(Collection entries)
(* Let $\langle M,\sqsubseteq\rangle$ be a mereological structure. Then $\langle M,\mathsf{S}_{\sqsubseteq}\rangle$ satisfies the sum axioms (S1)–(S5) (with $\mathsf{S}:=\mathsf{S}_{\sqsubseteq}$), i.e. it is a sum structure.
   Context: A mereological structure is a pair $\langle M,\sqsubseteq\rangle$ where $M$ is a non-empty set and $\sqsubseteq\subseteq M\times M$ satisfies, for all $x,y,z\in M$: (P1) $x\sqsubseteq x$; (P2) $x\sqsubseteq y\wedge y\sqsubseteq x\to x=y$; (P3) $x\sqsubseteq y\wedge y\sqsubseteq z\to x\sqsubseteq z$; (P4) if $x\not\sqsubseteq y$ then there is $z\in M$ with $z\sqsubseteq x$ such that there is no $u\in M$ with $u\sqsubseteq z$ and $u\sqsubseteq y$; (P5) for every non-empty $X\subseteq M$ there is $x\in M$ such that every $y\in X$ satisfies $y\sqsubseteq x$, and for every $a\in M$ with $a\sqsubseteq x$ there exist $y\in X$ and $z\in M$ with $z\sqsubseteq y$ and $z\sqsubseteq a$. Overlap: $x\circ_{\sqsubseteq} y$ iff there is $z\in M$ with $z\sqsubseteq x$ and $z\sqsubseteq y$. The induced sum relation $\mathsf{S}_{\sqsubseteq}\subseteq M\times\mathcal{P}(M)$: $x\,\mathsf{S}_{\sqsubseteq}\,X$ iff every $y\in X$ satisfies $y\sqsubseteq x$, and for every $a\in M$ with $a\sqsubseteq x$ there is $y\in X$ with $a\circ_{\sqsubseteq} y$. For a set $M$ and a relation $\mathsf{S}\subseteq M\times\mathcal{P}(M)$ define: $x\sqsubseteq_{\mathsf{S}} y$ iff there is $X\subseteq M$ with $y\,\mathsf{S}\,X$ and $x\in X$; $\mathrm{I}(x)=\{y\in M\mid y\sqsubseteq_{\mathsf{S}} x\}$ and for $A\subseteq M$, $\mathrm{I}(A)=\bigcup_{a\in A}\mathrm{I}(a)$; $x$ s-overlaps $y$ iff there are $X,Y\subseteq M$ with $x\,\mathsf{S}\,X$, $y\,\mathsf{S}\,Y$, $X\cap Y\neq\emptyset$; a set $A\subseteq M$ is pre-dense in $B\subseteq M$ iff for every $b\in B$ there is $a\in A$ such that $a$ s-overlaps $b$. Sum axioms: (S1) for every non-empty $X\subseteq M$ there is $x\in M$ with $x\,\mathsf{S}\,X$; (S2) $x\,\mathsf{S}\,X\wedge y\,\mathsf{S}\,X\to x=y$; (S3) $x\,\mathsf{S}\,X\wedge y\,\mathsf{S}\,Y\wedge x\in Y\to y\,\mathsf{S}\,(X\cup Y)$; (S4) if $x\,\mathsf{S}\,X$, $x\,\mathsf{S}\,Y$ and $y\in Y$, then there are $z\in X$ and $Z,U\subseteq M$ with $z\,\mathsf{S}\,Z$, $y\,\mathsf{S}\,U$ and $Z\cap U\neq\emptyset$; (S5) for all $x\in M$ and $X\subseteq M$: if $X$ is pre-dense in $\mathrm{I}(x)$ then $x\,\mathsf{S}\,(\mathrm{I}(x)\cap\mathrm{I}(X))$. *)

theory Defs
  imports Main
begin

definition overlap :: "'a set \<Rightarrow> ('a \<Rightarrow> 'a \<Rightarrow> bool) \<Rightarrow> 'a \<Rightarrow> 'a \<Rightarrow> bool" where
  "overlap M P x y \<longleftrightarrow> (\<exists>z\<in>M. P z x \<and> P z y)"

definition mereological_structure :: "'a set \<Rightarrow> ('a \<Rightarrow> 'a \<Rightarrow> bool) \<Rightarrow> bool" where
  "mereological_structure M P \<longleftrightarrow>
     M \<noteq> {} \<and>
     (\<forall>x y. P x y \<longrightarrow> x \<in> M \<and> y \<in> M) \<and>
     (\<forall>x\<in>M. P x x) \<and>
     (\<forall>x\<in>M. \<forall>y\<in>M. P x y \<and> P y x \<longrightarrow> x = y) \<and>
     (\<forall>x\<in>M. \<forall>y\<in>M. \<forall>z\<in>M. P x y \<and> P y z \<longrightarrow> P x z) \<and>
     (\<forall>x\<in>M. \<forall>y\<in>M. \<not> P x y \<longrightarrow>
        (\<exists>z\<in>M. P z x \<and> \<not> (\<exists>u\<in>M. P u z \<and> P u y))) \<and>
     (\<forall>X. X \<subseteq> M \<and> X \<noteq> {} \<longrightarrow>
        (\<exists>x\<in>M. (\<forall>y\<in>X. P y x) \<and>
           (\<forall>a\<in>M. P a x \<longrightarrow> (\<exists>y\<in>X. \<exists>z\<in>M. P z y \<and> P z a))))"

definition induced_sum :: "'a set \<Rightarrow> ('a \<Rightarrow> 'a \<Rightarrow> bool) \<Rightarrow> 'a \<Rightarrow> 'a set \<Rightarrow> bool" where
  "induced_sum M P x X \<longleftrightarrow> x \<in> M \<and> X \<subseteq> M \<and>
     (\<forall>y\<in>X. P y x) \<and> (\<forall>a\<in>M. P a x \<longrightarrow> (\<exists>y\<in>X. overlap M P a y))"

definition s_part :: "'a set \<Rightarrow> ('a \<Rightarrow> 'a set \<Rightarrow> bool) \<Rightarrow> 'a \<Rightarrow> 'a \<Rightarrow> bool" where
  "s_part M S x y \<longleftrightarrow> (\<exists>X. X \<subseteq> M \<and> S y X \<and> x \<in> X)"

definition ideal_of :: "'a set \<Rightarrow> ('a \<Rightarrow> 'a set \<Rightarrow> bool) \<Rightarrow> 'a \<Rightarrow> 'a set" where
  "ideal_of M S x = {y \<in> M. s_part M S y x}"

definition ideal_set :: "'a set \<Rightarrow> ('a \<Rightarrow> 'a set \<Rightarrow> bool) \<Rightarrow> 'a set \<Rightarrow> 'a set" where
  "ideal_set M S A = (\<Union>a\<in>A. ideal_of M S a)"

definition s_overlaps :: "'a set \<Rightarrow> ('a \<Rightarrow> 'a set \<Rightarrow> bool) \<Rightarrow> 'a \<Rightarrow> 'a \<Rightarrow> bool" where
  "s_overlaps M S x y \<longleftrightarrow>
     (\<exists>X Y. X \<subseteq> M \<and> Y \<subseteq> M \<and> S x X \<and> S y Y \<and> X \<inter> Y \<noteq> {})"

definition pre_dense :: "'a set \<Rightarrow> ('a \<Rightarrow> 'a set \<Rightarrow> bool) \<Rightarrow> 'a set \<Rightarrow> 'a set \<Rightarrow> bool" where
  "pre_dense M S A B \<longleftrightarrow> (\<forall>b\<in>B. \<exists>a\<in>A. s_overlaps M S a b)"

definition sum_structure :: "'a set \<Rightarrow> ('a \<Rightarrow> 'a set \<Rightarrow> bool) \<Rightarrow> bool" where
  "sum_structure M S \<longleftrightarrow>
     (\<forall>x X. S x X \<longrightarrow> x \<in> M \<and> X \<subseteq> M) \<and>
     \<comment> \<open>S1\<close>
     (\<forall>X. X \<subseteq> M \<and> X \<noteq> {} \<longrightarrow> (\<exists>x\<in>M. S x X)) \<and>
     \<comment> \<open>S2\<close>
     (\<forall>x\<in>M. \<forall>y\<in>M. \<forall>X. X \<subseteq> M \<longrightarrow> S x X \<and> S y X \<longrightarrow> x = y) \<and>
     \<comment> \<open>S3\<close>
     (\<forall>x\<in>M. \<forall>y\<in>M. \<forall>X Y. X \<subseteq> M \<and> Y \<subseteq> M \<longrightarrow>
        S x X \<and> S y Y \<and> x \<in> Y \<longrightarrow> S y (X \<union> Y)) \<and>
     \<comment> \<open>S4\<close>
     (\<forall>x\<in>M. \<forall>y\<in>M. \<forall>X Y. X \<subseteq> M \<and> Y \<subseteq> M \<longrightarrow>
        S x X \<and> S x Y \<and> y \<in> Y \<longrightarrow>
        (\<exists>z\<in>X. \<exists>Z U. Z \<subseteq> M \<and> U \<subseteq> M \<and> S z Z \<and> S y U \<and> Z \<inter> U \<noteq> {})) \<and>
     \<comment> \<open>S5\<close>
     (\<forall>x\<in>M. \<forall>X. X \<subseteq> M \<longrightarrow>
        pre_dense M S X (ideal_of M S x) \<longrightarrow>
        S x (ideal_of M S x \<inter> ideal_set M S X))"

end

theory Submission
  imports Defs
begin

text \<open>The s-parthood, s-overlap and ideals of the induced sum are just the parthood,
  overlap and principal down-sets of the mereological structure (the pair {x, y} has sum y
  whenever x is part of y), so (S1), (S3), (S4) and (S5) unwind to fusion, transitivity and
  the definition of overlap. Uniqueness (S2) is strong supplementation: two sums of the same
  set are parts of each other, since a part of one sum disjoint from the other would still
  have to overlap a summand, which lies below the other.\<close>

lemma overlap_sym: "overlap M P x y \<longleftrightarrow> overlap M P y x"
  unfolding overlap_def by blast

locale mereology =
  fixes M :: "'a set" and P :: "'a \<Rightarrow> 'a \<Rightarrow> bool"
  assumes part_in_carrier: "P x y \<Longrightarrow> x \<in> M \<and> y \<in> M"
    and part_refl: "x \<in> M \<Longrightarrow> P x x"
    and part_antisym: "P x y \<Longrightarrow> P y x \<Longrightarrow> x = y"
    and part_trans: "P x y \<Longrightarrow> P y z \<Longrightarrow> P x z"
    and strong_supplementation:
      "x \<in> M \<Longrightarrow> y \<in> M \<Longrightarrow> \<not> P x y \<Longrightarrow> \<exists>z\<in>M. P z x \<and> \<not> overlap M P z y"
    and fusion:
      "X \<subseteq> M \<Longrightarrow> X \<noteq> {} \<Longrightarrow>
        \<exists>x\<in>M. (\<forall>y\<in>X. P y x) \<and> (\<forall>a\<in>M. P a x \<longrightarrow> (\<exists>y\<in>X. overlap M P y a))"

lemma mereology_if_mereological_structure:
  assumes "mereological_structure M P"
  shows "mereology M P"
proof -
  obtain carrier: "\<forall>x y. P x y \<longrightarrow> x \<in> M \<and> y \<in> M"
    and refl: "\<forall>x\<in>M. P x x"
    and antisym: "\<forall>x\<in>M. \<forall>y\<in>M. P x y \<and> P y x \<longrightarrow> x = y"
    and trans: "\<forall>x\<in>M. \<forall>y\<in>M. \<forall>z\<in>M. P x y \<and> P y z \<longrightarrow> P x z"
    and supplementation: "\<forall>x\<in>M. \<forall>y\<in>M. \<not> P x y \<longrightarrow>
      (\<exists>z\<in>M. P z x \<and> \<not> (\<exists>u\<in>M. P u z \<and> P u y))"
    and fusion: "\<forall>X. X \<subseteq> M \<and> X \<noteq> {} \<longrightarrow> (\<exists>x\<in>M. (\<forall>y\<in>X. P y x) \<and>
      (\<forall>a\<in>M. P a x \<longrightarrow> (\<exists>y\<in>X. \<exists>z\<in>M. P z y \<and> P z a)))"
    using assms unfolding mereological_structure_def by (elim conjE)
  show ?thesis
  proof
    show "P x y \<Longrightarrow> P y x \<Longrightarrow> x = y" for x y using carrier antisym by blast
    show "P x y \<Longrightarrow> P y z \<Longrightarrow> P x z" for x y z using carrier trans by blast
    show "x \<in> M \<Longrightarrow> y \<in> M \<Longrightarrow> \<not> P x y \<Longrightarrow> \<exists>z\<in>M. P z x \<and> \<not> overlap M P z y" for x y
      using supplementation unfolding overlap_def by blast
    show "X \<subseteq> M \<Longrightarrow> X \<noteq> {} \<Longrightarrow>
        \<exists>x\<in>M. (\<forall>y\<in>X. P y x) \<and> (\<forall>a\<in>M. P a x \<longrightarrow> (\<exists>y\<in>X. overlap M P y a))" for X
      using fusion unfolding overlap_def by blast
  qed (use carrier refl in blast)+
qed

context mereology
begin

lemma induced_sum_exists:
  assumes "X \<subseteq> M" "X \<noteq> {}"
  shows "\<exists>x\<in>M. induced_sum M P x X"
proof -
  obtain x where "x \<in> M" "\<forall>y\<in>X. P y x" "\<forall>a\<in>M. P a x \<longrightarrow> (\<exists>y\<in>X. overlap M P y a)"
    using fusion[OF assms] by blast
  with assms show ?thesis
    unfolding induced_sum_def by (auto simp: overlap_sym)
qed

lemma induced_sum_pair: "P x y \<Longrightarrow> induced_sum M P y {x, y}"
  using part_in_carrier part_refl unfolding induced_sum_def overlap_def by blast

lemma s_part_iff_part: "s_part M (induced_sum M P) x y \<longleftrightarrow> P x y"
proof
  assume "s_part M (induced_sum M P) x y"
  then show "P x y"
    unfolding s_part_def induced_sum_def by blast
next
  assume "P x y"
  then have "{x, y} \<subseteq> M" "induced_sum M P y {x, y}"
    using part_in_carrier induced_sum_pair by auto
  then show "s_part M (induced_sum M P) x y"
    unfolding s_part_def by blast
qed

lemma ideal_of_induced_sum: "ideal_of M (induced_sum M P) x = {y. P y x}"
  using s_part_iff_part part_in_carrier unfolding ideal_of_def by blast

lemma ideal_set_induced_sum: "ideal_set M (induced_sum M P) A = {y. \<exists>a\<in>A. P y a}"
  unfolding ideal_set_def ideal_of_induced_sum by blast

lemma s_overlaps_iff_overlap: "s_overlaps M (induced_sum M P) x y \<longleftrightarrow> overlap M P x y"
proof
  assume "s_overlaps M (induced_sum M P) x y"
  then show "overlap M P x y"
    unfolding s_overlaps_def induced_sum_def overlap_def by blast
next
  assume "overlap M P x y"
  then obtain z where "z \<in> M" "P z x" "P z y"
    unfolding overlap_def by blast
  then have "induced_sum M P x {z, x}" "induced_sum M P y {z, y}"
    and "{z, x} \<subseteq> M" "{z, y} \<subseteq> M"
    using induced_sum_pair part_in_carrier by auto
  then show "s_overlaps M (induced_sum M P) x y"
    unfolding s_overlaps_def by blast
qed

lemma induced_sum_part_of_induced_sum:
  assumes x: "induced_sum M P x X" and y: "induced_sum M P y X"
  shows "P x y"
proof (rule ccontr)
  assume "\<not> P x y"
  moreover have "x \<in> M" "y \<in> M" using x y unfolding induced_sum_def by auto
  ultimately obtain z where "P z x" and z_disjoint: "\<not> overlap M P z y"
    using strong_supplementation by blast
  then obtain w where "w \<in> X" "overlap M P z w"
    using x part_in_carrier unfolding induced_sum_def by blast
  moreover have "P w y" using y \<open>w \<in> X\<close> unfolding induced_sum_def by blast
  ultimately show False
    using z_disjoint part_trans unfolding overlap_def by blast
qed

lemma induced_sum_unique: "induced_sum M P x X \<Longrightarrow> induced_sum M P y X \<Longrightarrow> x = y"
  using induced_sum_part_of_induced_sum part_antisym by blast

lemma induced_sum_Un:
  assumes "induced_sum M P x X" "induced_sum M P y Y" "x \<in> Y"
  shows "induced_sum M P y (X \<union> Y)"
  using assms part_trans unfolding induced_sum_def by blast

lemma induced_sum_summand_overlaps:
  assumes "induced_sum M P x X" "induced_sum M P x Y" "y \<in> Y"
  shows "\<exists>z\<in>X. s_overlaps M (induced_sum M P) z y"
proof -
  have "y \<in> M" "P y x" using assms(2,3) unfolding induced_sum_def by auto
  then obtain z where "z \<in> X" "overlap M P y z"
    using assms(1) unfolding induced_sum_def by blast
  then show ?thesis
    unfolding s_overlaps_iff_overlap by (auto simp: overlap_sym)
qed

lemma induced_sum_pre_dense:
  assumes x: "x \<in> M"
    and dense: "pre_dense M (induced_sum M P) X (ideal_of M (induced_sum M P) x)"
  shows "induced_sum M P x (ideal_of M (induced_sum M P) x \<inter> ideal_set M (induced_sum M P) X)"
proof -
  have dense': "\<exists>a\<in>X. overlap M P a b" if "P b x" for b
    using dense that unfolding pre_dense_def ideal_of_induced_sum s_overlaps_iff_overlap by blast
  have "\<exists>w\<in>{y. P y x} \<inter> {y. \<exists>a\<in>X. P y a}. overlap M P b w" if "P b x" for b
  proof -
    obtain a w where "a \<in> X" "w \<in> M" "P w a" "P w b"
      using dense' \<open>P b x\<close> unfolding overlap_def by blast
    then show ?thesis
      using \<open>P b x\<close> part_trans part_refl unfolding overlap_def by blast
  qed
  then show ?thesis
    using x unfolding ideal_of_induced_sum ideal_set_induced_sum induced_sum_def
    by (auto dest: part_in_carrier)
qed

end

theorem theorem4p1:
  fixes M :: "'a set" and P :: "'a \<Rightarrow> 'a \<Rightarrow> bool"
  assumes "mereological_structure M P"
  shows "sum_structure M (induced_sum M P)"
proof -
  interpret mereology M P
    using assms by (rule mereology_if_mereological_structure)
  let ?S = "induced_sum M P"
  have carrier: "\<forall>x X. ?S x X \<longrightarrow> x \<in> M \<and> X \<subseteq> M"
    unfolding induced_sum_def by blast
  have S1: "\<forall>X. X \<subseteq> M \<and> X \<noteq> {} \<longrightarrow> (\<exists>x\<in>M. ?S x X)"
    using induced_sum_exists by blast
  have S2: "\<forall>x\<in>M. \<forall>y\<in>M. \<forall>X. X \<subseteq> M \<longrightarrow> ?S x X \<and> ?S y X \<longrightarrow> x = y"
    using induced_sum_unique by blast
  have S3: "\<forall>x\<in>M. \<forall>y\<in>M. \<forall>X Y. X \<subseteq> M \<and> Y \<subseteq> M \<longrightarrow>
      ?S x X \<and> ?S y Y \<and> x \<in> Y \<longrightarrow> ?S y (X \<union> Y)"
    using induced_sum_Un by blast
  have S4: "\<forall>x\<in>M. \<forall>y\<in>M. \<forall>X Y. X \<subseteq> M \<and> Y \<subseteq> M \<longrightarrow> ?S x X \<and> ?S x Y \<and> y \<in> Y \<longrightarrow>
      (\<exists>z\<in>X. \<exists>Z U. Z \<subseteq> M \<and> U \<subseteq> M \<and> ?S z Z \<and> ?S y U \<and> Z \<inter> U \<noteq> {})"
    unfolding s_overlaps_def[symmetric] using induced_sum_summand_overlaps by blast
  have S5: "\<forall>x\<in>M. \<forall>X. X \<subseteq> M \<longrightarrow> pre_dense M ?S X (ideal_of M ?S x) \<longrightarrow>
      ?S x (ideal_of M ?S x \<inter> ideal_set M ?S X)"
    using induced_sum_pre_dense by blast
  show ?thesis
    unfolding sum_structure_def by (intro conjI) (fact carrier S1 S2 S3 S4 S5)+
qed

end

▶ [WORK INSTRUCTIONS] Scan the data for lines with the word "obtain". Report only how many there are.

▶ [SOLUTION TO THIS PROBLEM] 7